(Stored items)
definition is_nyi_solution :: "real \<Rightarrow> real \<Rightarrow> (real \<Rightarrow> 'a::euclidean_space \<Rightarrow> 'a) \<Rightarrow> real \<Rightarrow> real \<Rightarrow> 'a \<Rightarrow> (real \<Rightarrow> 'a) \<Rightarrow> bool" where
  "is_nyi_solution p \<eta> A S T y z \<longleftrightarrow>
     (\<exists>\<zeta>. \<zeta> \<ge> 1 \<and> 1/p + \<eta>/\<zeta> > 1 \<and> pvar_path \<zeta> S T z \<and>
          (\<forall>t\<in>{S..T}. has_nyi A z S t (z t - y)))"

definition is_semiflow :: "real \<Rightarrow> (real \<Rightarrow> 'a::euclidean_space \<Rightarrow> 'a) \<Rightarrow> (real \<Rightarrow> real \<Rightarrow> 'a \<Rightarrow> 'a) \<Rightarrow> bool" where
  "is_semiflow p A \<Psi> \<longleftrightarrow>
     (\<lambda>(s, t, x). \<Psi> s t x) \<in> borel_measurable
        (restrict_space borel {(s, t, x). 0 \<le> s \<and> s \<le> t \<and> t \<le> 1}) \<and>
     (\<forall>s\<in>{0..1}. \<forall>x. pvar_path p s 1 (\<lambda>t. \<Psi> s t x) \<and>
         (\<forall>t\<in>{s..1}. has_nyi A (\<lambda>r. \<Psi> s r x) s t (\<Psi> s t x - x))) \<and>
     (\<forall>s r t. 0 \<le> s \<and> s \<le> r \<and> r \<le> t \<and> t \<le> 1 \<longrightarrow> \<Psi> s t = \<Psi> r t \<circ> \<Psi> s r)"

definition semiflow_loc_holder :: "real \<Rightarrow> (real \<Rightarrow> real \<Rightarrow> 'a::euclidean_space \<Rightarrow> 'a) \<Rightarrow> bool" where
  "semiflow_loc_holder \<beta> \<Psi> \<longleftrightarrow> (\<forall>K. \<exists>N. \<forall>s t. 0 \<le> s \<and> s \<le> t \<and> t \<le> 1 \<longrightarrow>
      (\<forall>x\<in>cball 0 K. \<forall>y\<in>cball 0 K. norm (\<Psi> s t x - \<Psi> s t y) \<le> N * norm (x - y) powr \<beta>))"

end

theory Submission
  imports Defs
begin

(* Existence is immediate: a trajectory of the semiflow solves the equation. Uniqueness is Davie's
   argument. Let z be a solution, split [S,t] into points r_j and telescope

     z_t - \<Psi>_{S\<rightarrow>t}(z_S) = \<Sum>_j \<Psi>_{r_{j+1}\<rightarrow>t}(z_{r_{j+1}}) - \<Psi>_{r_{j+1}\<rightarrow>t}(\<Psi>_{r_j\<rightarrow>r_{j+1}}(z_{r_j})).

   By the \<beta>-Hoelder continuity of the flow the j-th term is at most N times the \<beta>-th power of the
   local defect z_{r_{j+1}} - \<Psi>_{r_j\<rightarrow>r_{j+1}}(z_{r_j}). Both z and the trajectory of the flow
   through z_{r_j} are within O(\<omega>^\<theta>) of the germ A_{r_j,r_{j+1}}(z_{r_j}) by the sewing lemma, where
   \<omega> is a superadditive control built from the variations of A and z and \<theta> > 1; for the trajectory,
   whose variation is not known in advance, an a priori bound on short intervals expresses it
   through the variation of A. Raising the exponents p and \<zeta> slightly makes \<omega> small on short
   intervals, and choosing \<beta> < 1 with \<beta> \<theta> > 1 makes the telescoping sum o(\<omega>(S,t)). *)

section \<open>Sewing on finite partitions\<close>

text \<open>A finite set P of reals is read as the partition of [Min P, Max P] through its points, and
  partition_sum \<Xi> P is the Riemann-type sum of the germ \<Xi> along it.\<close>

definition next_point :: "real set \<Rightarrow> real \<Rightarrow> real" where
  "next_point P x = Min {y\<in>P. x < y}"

Problem to work on —
Print the lines above from the one with "through the variation" through the one with "partition_sum \<Xi> P", both included, exactly as written and nothing more.

Task result —
   through the variation of A. Raising the exponents p and \<zeta> slightly makes \<omega> small on short
   intervals, and choosing \<beta> < 1 with \<beta> \<theta> > 1 makes the telescoping sum o(\<omega>(S,t)). *)

section \<open>Sewing on finite partitions\<close>

text \<open>A finite set P of reals is read as the partition of [Min P, Max P] through its points, and
  partition_sum \<Xi> P is the Riemann-type sum of the germ \<Xi> along it.\<close>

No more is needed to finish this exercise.